MATERIAL FOR THIS EXERCISE
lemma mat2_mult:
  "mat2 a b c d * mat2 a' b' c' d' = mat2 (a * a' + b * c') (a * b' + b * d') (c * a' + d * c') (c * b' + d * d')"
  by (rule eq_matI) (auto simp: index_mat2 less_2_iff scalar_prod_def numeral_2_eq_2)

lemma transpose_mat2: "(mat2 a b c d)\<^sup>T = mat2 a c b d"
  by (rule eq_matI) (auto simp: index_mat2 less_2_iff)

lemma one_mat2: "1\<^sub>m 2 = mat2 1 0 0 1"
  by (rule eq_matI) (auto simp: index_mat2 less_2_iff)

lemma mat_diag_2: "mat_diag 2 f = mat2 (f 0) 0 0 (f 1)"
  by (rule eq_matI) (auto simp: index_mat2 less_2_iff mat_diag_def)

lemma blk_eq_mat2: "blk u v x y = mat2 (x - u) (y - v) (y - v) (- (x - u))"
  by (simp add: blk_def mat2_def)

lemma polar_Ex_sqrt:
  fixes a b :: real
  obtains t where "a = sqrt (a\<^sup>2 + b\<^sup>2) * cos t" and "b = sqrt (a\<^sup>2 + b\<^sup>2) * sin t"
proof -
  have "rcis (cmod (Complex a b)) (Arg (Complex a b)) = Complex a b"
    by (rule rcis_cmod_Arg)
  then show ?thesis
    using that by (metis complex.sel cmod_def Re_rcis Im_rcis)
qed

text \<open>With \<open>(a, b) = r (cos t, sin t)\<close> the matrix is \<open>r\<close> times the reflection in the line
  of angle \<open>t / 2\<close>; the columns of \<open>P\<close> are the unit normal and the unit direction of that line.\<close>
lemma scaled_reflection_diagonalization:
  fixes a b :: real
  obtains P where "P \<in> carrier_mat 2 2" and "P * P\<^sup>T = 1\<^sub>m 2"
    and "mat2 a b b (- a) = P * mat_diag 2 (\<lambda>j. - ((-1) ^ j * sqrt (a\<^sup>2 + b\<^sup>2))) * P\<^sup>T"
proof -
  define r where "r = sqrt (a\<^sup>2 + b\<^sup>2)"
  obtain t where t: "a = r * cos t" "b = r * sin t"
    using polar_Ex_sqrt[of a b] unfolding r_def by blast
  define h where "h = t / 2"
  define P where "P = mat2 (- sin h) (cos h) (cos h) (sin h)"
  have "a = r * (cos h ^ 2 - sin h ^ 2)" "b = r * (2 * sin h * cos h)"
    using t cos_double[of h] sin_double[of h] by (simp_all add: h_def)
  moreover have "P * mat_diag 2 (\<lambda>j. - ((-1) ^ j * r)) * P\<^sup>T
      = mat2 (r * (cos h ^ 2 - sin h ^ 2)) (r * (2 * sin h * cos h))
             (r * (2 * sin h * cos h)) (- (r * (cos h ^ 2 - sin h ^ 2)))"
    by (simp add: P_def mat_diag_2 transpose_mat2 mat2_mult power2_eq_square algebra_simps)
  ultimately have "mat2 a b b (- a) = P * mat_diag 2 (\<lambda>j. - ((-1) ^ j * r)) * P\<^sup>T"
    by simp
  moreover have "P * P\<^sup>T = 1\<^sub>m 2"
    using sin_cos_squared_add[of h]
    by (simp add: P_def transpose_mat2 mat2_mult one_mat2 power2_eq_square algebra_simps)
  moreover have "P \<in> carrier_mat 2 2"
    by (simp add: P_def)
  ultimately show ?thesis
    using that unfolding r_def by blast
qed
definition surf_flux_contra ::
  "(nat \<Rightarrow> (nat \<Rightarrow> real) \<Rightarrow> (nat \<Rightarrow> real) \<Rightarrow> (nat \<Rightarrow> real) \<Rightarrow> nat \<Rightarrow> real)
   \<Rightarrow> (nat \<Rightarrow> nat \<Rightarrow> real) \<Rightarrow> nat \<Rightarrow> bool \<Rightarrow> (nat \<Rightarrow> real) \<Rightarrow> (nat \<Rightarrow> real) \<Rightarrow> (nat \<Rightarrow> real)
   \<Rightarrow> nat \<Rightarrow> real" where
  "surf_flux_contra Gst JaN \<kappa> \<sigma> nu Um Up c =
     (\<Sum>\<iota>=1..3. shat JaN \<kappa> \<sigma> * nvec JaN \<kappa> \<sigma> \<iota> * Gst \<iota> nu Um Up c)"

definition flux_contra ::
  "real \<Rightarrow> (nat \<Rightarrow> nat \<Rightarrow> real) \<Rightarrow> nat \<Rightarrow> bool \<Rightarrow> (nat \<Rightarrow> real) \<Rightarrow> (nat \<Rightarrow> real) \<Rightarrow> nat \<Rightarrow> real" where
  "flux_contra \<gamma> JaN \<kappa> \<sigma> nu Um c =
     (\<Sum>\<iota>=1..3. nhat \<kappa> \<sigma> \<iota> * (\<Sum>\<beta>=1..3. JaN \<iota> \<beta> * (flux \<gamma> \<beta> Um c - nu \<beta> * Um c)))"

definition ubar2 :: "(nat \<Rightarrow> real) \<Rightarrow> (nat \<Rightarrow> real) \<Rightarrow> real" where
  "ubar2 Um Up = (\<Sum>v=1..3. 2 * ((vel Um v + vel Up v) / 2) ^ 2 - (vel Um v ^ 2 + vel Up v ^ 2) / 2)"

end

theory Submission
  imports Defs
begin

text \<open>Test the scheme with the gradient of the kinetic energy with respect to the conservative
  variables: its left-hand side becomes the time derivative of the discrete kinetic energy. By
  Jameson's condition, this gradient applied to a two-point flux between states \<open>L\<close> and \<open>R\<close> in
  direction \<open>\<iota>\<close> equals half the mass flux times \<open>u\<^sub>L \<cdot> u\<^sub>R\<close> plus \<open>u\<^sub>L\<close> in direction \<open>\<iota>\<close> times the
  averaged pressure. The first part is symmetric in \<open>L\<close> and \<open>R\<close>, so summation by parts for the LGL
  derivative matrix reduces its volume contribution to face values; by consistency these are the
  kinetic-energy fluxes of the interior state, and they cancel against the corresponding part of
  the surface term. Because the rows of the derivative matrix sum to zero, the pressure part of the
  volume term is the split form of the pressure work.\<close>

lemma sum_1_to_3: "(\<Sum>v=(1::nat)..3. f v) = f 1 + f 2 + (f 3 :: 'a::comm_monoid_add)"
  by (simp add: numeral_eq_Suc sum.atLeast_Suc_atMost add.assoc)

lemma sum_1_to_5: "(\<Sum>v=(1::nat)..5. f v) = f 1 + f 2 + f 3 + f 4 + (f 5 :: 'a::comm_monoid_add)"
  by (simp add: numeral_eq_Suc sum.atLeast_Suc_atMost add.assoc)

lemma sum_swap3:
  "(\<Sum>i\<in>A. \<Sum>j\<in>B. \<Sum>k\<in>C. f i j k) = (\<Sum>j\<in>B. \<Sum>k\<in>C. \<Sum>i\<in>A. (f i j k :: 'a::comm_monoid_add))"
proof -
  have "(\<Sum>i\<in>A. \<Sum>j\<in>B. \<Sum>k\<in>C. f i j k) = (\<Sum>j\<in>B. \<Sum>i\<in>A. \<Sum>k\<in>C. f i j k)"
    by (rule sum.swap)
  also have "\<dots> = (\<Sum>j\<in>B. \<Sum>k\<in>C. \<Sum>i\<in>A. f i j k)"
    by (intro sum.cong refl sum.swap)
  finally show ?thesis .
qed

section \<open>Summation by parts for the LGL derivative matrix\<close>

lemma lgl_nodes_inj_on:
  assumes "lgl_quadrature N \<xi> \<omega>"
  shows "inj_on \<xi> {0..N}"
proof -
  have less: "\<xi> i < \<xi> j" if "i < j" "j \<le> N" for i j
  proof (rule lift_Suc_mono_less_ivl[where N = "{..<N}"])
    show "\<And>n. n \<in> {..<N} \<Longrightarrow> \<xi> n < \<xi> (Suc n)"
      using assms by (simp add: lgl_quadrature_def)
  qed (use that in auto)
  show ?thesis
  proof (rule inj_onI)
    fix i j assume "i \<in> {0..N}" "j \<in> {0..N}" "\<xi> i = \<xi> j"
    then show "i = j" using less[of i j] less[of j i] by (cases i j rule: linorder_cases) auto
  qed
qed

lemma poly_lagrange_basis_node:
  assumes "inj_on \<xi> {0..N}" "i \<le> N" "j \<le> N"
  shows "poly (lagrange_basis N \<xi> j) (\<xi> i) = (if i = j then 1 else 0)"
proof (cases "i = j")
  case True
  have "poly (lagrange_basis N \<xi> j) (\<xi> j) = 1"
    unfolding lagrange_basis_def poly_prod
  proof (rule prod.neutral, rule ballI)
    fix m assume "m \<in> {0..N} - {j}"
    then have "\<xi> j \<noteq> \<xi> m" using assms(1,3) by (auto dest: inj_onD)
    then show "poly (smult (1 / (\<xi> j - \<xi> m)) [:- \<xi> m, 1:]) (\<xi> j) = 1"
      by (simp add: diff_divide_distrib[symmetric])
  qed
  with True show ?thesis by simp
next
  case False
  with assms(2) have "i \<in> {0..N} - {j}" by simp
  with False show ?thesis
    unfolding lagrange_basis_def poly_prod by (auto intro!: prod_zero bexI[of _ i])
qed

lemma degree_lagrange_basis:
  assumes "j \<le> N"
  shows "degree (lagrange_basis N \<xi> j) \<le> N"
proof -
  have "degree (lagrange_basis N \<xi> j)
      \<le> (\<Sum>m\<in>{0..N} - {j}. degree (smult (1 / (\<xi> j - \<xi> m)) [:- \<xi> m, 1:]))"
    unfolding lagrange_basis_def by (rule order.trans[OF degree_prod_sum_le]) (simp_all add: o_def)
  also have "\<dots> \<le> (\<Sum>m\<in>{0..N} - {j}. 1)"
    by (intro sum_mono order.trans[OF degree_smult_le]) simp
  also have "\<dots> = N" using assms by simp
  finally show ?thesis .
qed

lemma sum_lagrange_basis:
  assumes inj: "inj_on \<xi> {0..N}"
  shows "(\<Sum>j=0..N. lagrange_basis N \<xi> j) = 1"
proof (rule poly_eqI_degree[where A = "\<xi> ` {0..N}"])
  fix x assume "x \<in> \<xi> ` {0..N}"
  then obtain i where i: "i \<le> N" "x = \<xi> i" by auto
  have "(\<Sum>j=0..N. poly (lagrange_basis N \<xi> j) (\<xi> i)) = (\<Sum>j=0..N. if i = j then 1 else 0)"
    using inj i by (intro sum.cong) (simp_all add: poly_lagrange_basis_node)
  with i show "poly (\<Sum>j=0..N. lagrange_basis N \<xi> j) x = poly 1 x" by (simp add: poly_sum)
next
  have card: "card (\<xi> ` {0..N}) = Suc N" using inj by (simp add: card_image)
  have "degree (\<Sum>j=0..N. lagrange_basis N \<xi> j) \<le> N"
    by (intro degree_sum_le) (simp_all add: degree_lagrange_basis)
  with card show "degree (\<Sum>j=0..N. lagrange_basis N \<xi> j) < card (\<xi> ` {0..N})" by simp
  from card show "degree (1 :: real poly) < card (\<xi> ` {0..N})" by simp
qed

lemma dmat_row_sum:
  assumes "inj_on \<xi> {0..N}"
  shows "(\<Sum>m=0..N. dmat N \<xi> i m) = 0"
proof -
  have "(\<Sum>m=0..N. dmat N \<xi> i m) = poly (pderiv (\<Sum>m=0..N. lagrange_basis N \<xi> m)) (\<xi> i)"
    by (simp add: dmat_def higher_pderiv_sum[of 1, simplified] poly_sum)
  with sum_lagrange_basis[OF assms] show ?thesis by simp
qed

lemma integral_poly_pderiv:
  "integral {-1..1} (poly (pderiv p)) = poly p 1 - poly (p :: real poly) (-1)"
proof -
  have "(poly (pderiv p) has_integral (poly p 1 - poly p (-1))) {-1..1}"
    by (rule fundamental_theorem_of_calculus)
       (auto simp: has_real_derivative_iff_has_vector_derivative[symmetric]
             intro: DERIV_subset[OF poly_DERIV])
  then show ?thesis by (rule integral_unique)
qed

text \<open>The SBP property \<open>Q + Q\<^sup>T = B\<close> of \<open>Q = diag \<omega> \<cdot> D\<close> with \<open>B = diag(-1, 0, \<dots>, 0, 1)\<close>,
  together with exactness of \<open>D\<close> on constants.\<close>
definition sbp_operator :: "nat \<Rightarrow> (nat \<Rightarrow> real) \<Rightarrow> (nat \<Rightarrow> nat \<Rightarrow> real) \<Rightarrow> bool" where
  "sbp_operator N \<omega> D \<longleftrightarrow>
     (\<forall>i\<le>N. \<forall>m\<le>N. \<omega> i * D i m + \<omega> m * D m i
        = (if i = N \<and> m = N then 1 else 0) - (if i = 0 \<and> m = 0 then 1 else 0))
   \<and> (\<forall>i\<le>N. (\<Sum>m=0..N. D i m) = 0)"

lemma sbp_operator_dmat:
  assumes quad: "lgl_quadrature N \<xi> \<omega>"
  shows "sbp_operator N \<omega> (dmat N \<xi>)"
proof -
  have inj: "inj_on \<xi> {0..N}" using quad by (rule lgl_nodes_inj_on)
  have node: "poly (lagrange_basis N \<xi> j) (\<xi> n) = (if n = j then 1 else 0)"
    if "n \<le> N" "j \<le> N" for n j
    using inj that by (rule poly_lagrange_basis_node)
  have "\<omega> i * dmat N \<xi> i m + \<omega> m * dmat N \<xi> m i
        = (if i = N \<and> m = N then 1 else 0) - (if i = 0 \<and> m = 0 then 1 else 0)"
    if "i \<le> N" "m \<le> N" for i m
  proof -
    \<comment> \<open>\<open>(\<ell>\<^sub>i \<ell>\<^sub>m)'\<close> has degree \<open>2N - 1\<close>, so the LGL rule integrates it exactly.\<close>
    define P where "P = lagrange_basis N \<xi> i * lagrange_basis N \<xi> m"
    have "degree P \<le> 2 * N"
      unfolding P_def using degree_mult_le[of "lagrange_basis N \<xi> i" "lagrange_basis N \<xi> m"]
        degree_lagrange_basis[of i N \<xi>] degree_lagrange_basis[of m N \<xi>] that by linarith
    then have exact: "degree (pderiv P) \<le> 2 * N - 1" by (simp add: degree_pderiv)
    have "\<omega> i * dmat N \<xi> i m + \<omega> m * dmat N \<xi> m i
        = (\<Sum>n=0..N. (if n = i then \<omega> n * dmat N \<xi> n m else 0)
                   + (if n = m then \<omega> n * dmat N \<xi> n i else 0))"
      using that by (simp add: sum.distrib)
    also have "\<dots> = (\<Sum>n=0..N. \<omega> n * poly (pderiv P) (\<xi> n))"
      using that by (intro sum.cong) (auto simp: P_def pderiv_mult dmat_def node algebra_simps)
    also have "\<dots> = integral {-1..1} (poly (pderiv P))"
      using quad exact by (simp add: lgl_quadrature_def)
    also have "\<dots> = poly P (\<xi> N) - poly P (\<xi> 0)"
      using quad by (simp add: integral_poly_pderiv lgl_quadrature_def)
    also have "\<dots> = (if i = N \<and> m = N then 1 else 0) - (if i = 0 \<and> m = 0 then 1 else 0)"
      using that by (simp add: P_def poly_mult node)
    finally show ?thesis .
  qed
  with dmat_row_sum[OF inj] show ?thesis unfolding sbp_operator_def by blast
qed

BRIEF
Nothing but the lines from the one that contains "poly P (\<xi> N)" to the end of the listing should be given again, each exactly as it appears.

TASK RESPONSE
    also have "\<dots> = poly P (\<xi> N) - poly P (\<xi> 0)"
      using quad by (simp add: integral_poly_pderiv lgl_quadrature_def)
    also have "\<dots> = (if i = N \<and> m = N then 1 else 0) - (if i = 0 \<and> m = 0 then 1 else 0)"
      using that by (simp add: P_def poly_mult node)
    finally show ?thesis .
  qed
  with dmat_row_sum[OF inj] show ?thesis unfolding sbp_operator_def by blast
qed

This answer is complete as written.